J.K. Rowling a parfaitement décrit les étapes de cette dérive:

  • Croire que la liberté d’expression est pour soi mais pas pour ses adversaires, c’est basculer dans l’illibéralisme.
  • Refuser toute remise en question de ses croyances, c’est devenir fondamentaliste.
  • Vouloir que l’État punisse ceux qui pensent autrement, c’est réclamer le totalitarisme.
  • Et souhaiter que ses opposants soient réduits au silence par la violence ou la mort, c’est franchir la ligne du terrorisme.

Ces quatre glissements forment une pente glissante vers la tyrannie. Et le seul rempart, c’est le courage de continuer à parler, même si ça dérange. Surtout si ça dérange.

L’épuisement des solutions pacifiques classiques

Quand tout est verrouillé, que reste-t-il?

  • Le débat public? Imposé par les médias, il est réduit à une mise en scène.
  • Les recours judiciaires? Dévoyés, car les tribunaux ne protègent plus les libertés, ils protègent le pouvoir.
  • Les élections? Illusions de changement, puisque les mêmes politiques reviennent sous des visages différents.
  • Les réseaux sociaux? Devenus des zones de surveillance, où les algorithmes masquent les voix dissidentes, où des règles floues permettent de bannir arbitrairement, et où la censure technologique complète la censure politique.

Chaque canal de contestation est bouché. C’est un système clos où l’opposant n’a plus d’espace pour exister.

Pourquoi la violence est une impasse

L’histoire montre que l’option violente ne profite qu’à l’État.
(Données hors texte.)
(* Any Schur positive connected bipartite graph has a balanced stable bipartition, namely, the cardinalities of the two parts differ by $1$ or $0$.
   Context: A graph $G$ is Schur positive if its chromatic symmetric function $X_G=\sum_{\kappa}\prod_{v\in V(G)}x_{\kappa(v)}$ (sum over proper colorings $\kappa$) has nonnegative coefficients in the Schur basis. A stable bipartition of $G$ is a partition of $V(G)$ into two stable (independent) sets. *)

theory Defs
  imports Main "HOL-Library.FuncSet"
begin

definition simple_graph :: "'a set \<Rightarrow> ('a \<Rightarrow> 'a \<Rightarrow> bool) \<Rightarrow> bool" where
  "simple_graph V E \<longleftrightarrow> finite V \<and>
     (\<forall>u v. E u v \<longrightarrow> u \<in> V \<and> v \<in> V \<and> u \<noteq> v \<and> E v u)"

definition connected_graph :: "'a set \<Rightarrow> ('a \<Rightarrow> 'a \<Rightarrow> bool) \<Rightarrow> bool" where
  "connected_graph V E \<longleftrightarrow> (\<forall>u\<in>V. \<forall>v\<in>V. E\<^sup>*\<^sup>* u v)"

definition stable_set :: "'a set \<Rightarrow> ('a \<Rightarrow> 'a \<Rightarrow> bool) \<Rightarrow> 'a set \<Rightarrow> bool" where
  "stable_set V E S \<longleftrightarrow> S \<subseteq> V \<and> (\<forall>u\<in>S. \<forall>v\<in>S. \<not> E u v)"

definition stable_bipartition :: "'a set \<Rightarrow> ('a \<Rightarrow> 'a \<Rightarrow> bool) \<Rightarrow> 'a set \<Rightarrow> 'a set \<Rightarrow> bool" where
  "stable_bipartition V E A B \<longleftrightarrow> A \<union> B = V \<and> A \<inter> B = {} \<and>
     stable_set V E A \<and> stable_set V E B"

definition bipartite :: "'a set \<Rightarrow> ('a \<Rightarrow> 'a \<Rightarrow> bool) \<Rightarrow> bool" where
  "bipartite V E \<longleftrightarrow> (\<exists>A B. stable_bipartition V E A B)"

text \<open>A formal power series in the variables x_0, x_1, ... is represented by its coefficient
  function on exponent vectors alpha :: nat \<Rightarrow> nat (x^alpha = prod_i x_i^(alpha i)).\<close>

definition proper_coloring :: "'a set \<Rightarrow> ('a \<Rightarrow> 'a \<Rightarrow> bool) \<Rightarrow> ('a \<Rightarrow> nat) \<Rightarrow> bool" where
  "proper_coloring V E \<kappa> \<longleftrightarrow> (\<forall>u\<in>V. \<forall>v\<in>V. E u v \<longrightarrow> \<kappa> u \<noteq> \<kappa> v)"

text \<open>Coefficient of x^alpha in the chromatic symmetric function X_G: the number of proper
  colourings kappa : V \<rightarrow> nat with exactly alpha i vertices of colour i, for all i.\<close>
definition chrom_sym_coeff :: "'a set \<Rightarrow> ('a \<Rightarrow> 'a \<Rightarrow> bool) \<Rightarrow> (nat \<Rightarrow> nat) \<Rightarrow> int" where
  "chrom_sym_coeff V E \<alpha> = int (card {\<kappa> \<in> V \<rightarrow>\<^sub>E (UNIV :: nat set).
       proper_coloring V E \<kappa> \<and> (\<forall>i. card {v \<in> V. \<kappa> v = i} = \<alpha> i)})"

definition partitions_of :: "nat \<Rightarrow> nat list set" where
  "partitions_of n = {la. sorted (rev la) \<and> 0 \<notin> set la \<and> sum_list la = n}"

definition young_cells :: "nat list \<Rightarrow> (nat \<times> nat) set" where
  "young_cells la = {(i, j). i < length la \<and> j < la ! i}"

definition ssyt :: "nat list \<Rightarrow> ((nat \<times> nat) \<Rightarrow> nat) \<Rightarrow> bool" where
  "ssyt la T \<longleftrightarrow> T \<in> young_cells la \<rightarrow>\<^sub>E (UNIV :: nat set) \<and>
     (\<forall>i j. (i, j + 1) \<in> young_cells la \<longrightarrow> T (i, j) \<le> T (i, j + 1)) \<and>
     (\<forall>i j. (i + 1, j) \<in> young_cells la \<longrightarrow> T (i, j) < T (i + 1, j))"

text \<open>Coefficient of x^alpha in the Schur function s_lambda (the Kostka number K_{lambda,alpha}):
  number of SSYT of shape lambda with content alpha.\<close>
definition schur_coeff :: "nat list \<Rightarrow> (nat \<Rightarrow> nat) \<Rightarrow> int" where
  "schur_coeff la \<alpha> = int (card {T. ssyt la T \<and>
       (\<forall>k. card {c \<in> young_cells la. T c = k} = \<alpha> k)})"

text \<open>G is Schur positive: X_G is a nonnegative (integer) combination of Schur functions.
  Since X_G is homogeneous of degree |V|, only s_lambda with lambda a partition of |V| occur.\<close>
definition schur_positive :: "'a set \<Rightarrow> ('a \<Rightarrow> 'a \<Rightarrow> bool) \<Rightarrow> bool" where
  "schur_positive V E \<longleftrightarrow> (\<exists>c :: nat list \<Rightarrow> int. (\<forall>la. c la \<ge> 0) \<and>
     (\<forall>\<alpha>. chrom_sym_coeff V E \<alpha> =
            (\<Sum>la\<in>partitions_of (card V). c la * schur_coeff la \<alpha>)))"

end

theory Submission
  imports Defs
begin

text \<open>Let \<open>(A, B)\<close> be a stable bipartition with \<open>|A| = p \<ge> q + 2 = |B| + 2\<close>. Colouring \<open>A\<close> with
  0 and \<open>B\<close> with 1 shows that \<open>x\<^sub>0\<^sup>p x\<^sub>1\<^sup>q\<close> has a positive coefficient in \<open>X\<^sub>G\<close>, while
  \<open>x\<^sub>0\<^sup>p\<^sup>-\<^sup>1 x\<^sub>1\<^sup>q\<^sup>+\<^sup>1\<close> has coefficient 0: in a connected graph a proper colouring with two colours
  is constant on the parts, so its colour classes have sizes \<open>p\<close> and \<open>q\<close>. On the Schur side,
  a Kostka number with content \<open>(p, q)\<close> is 0 or 1, and it is 1 exactly when the tableau with
  0 in the first \<open>p\<close> cells of the first row and 1 elsewhere is semistandard; turning the last
  of these 0s into a 1 then gives a semistandard tableau of content \<open>(p - 1, q + 1)\<close>. So for
  Schur positive \<open>G\<close> the first coefficient is at most the second, a contradiction.\<close>

definition has_content :: "'b set \<Rightarrow> ('b \<Rightarrow> nat) \<Rightarrow> (nat \<Rightarrow> nat) \<Rightarrow> bool" where
  "has_content S f \<alpha> \<longleftrightarrow> (\<forall>k. card {x \<in> S. f x = k} = \<alpha> k)"

definition two_letter :: "nat \<Rightarrow> nat \<Rightarrow> nat \<Rightarrow> nat" where
  "two_letter p q k = (if k = 0 then p else if k = 1 then q else 0)"

lemma chrom_sym_coeff_eq:
  "chrom_sym_coeff V E \<alpha> =
     int (card {\<kappa> \<in> V \<rightarrow>\<^sub>E UNIV. proper_coloring V E \<kappa> \<and> has_content V \<kappa> \<alpha>})"
  by (simp add: chrom_sym_coeff_def has_content_def)

lemma schur_coeff_eq:
  "schur_coeff la \<alpha> = int (card {T. ssyt la T \<and> has_content (young_cells la) T \<alpha>})"
  by (simp add: schur_coeff_def has_content_def)

lemma has_content_nonzero:
  assumes "finite S" "has_content S f \<alpha>" "x \<in> S"
  shows "\<alpha> (f x) \<noteq> 0"
proof -
  have "x \<in> {y \<in> S. f y = f x}" using assms(3) by simp
  then have "card {y \<in> S. f y = f x} \<noteq> 0" using assms(1) by auto
  then show ?thesis using assms(2) unfolding has_content_def by simp
qed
C’est le terrain où il est imbattable: armée, police, renseignement, finances, médias, tout est de son côté.
Une insurrection armée devient le prétexte rêvé pour justifier une répression totale au nom de la « sécurité publique ».

La violence nourrit la bête, elle ne la fait pas tomber.

La dernière voie pacifique: le retrait

Il reste une option, exigeante mais réaliste: le retrait.

Refuser de nourrir un système qui te méprise. Ne plus consentir à son jeu truqué. Bâtir autre chose en parallèle: des réseaux, des communautés, une économie basée sur la coopération volontaire.

C’est le choix de dire: « Vous n’aurez plus mon énergie, ni mon argent, ni mon temps. Je construis ailleurs. »

Ce retrait n’est pas une fuite, mais une affirmation. C’est la seule voie pacifique qui reste quand toutes les autres ont été neutralisées.

Conclusion: bâtir au lieu de mendier

La coexistence avec ceux qui veulent ta destruction est une illusion. Les institutions ont choisi leur camp, la censure est devenue leur arme, et la violence ne peut qu’aggraver la spirale.

Il ne reste qu’une option digne: se retirer et bâtir.
Non pas dans l’ombre, mais au grand jour. Non pas en mendiant une tolérance qui n’existe pas, mais en affirmant un espace de liberté que personne ne pourra censurer.

Parce que, comme l’a dit Charlie Kirk, si tu crains les mots, c’est que tu crains la vérité.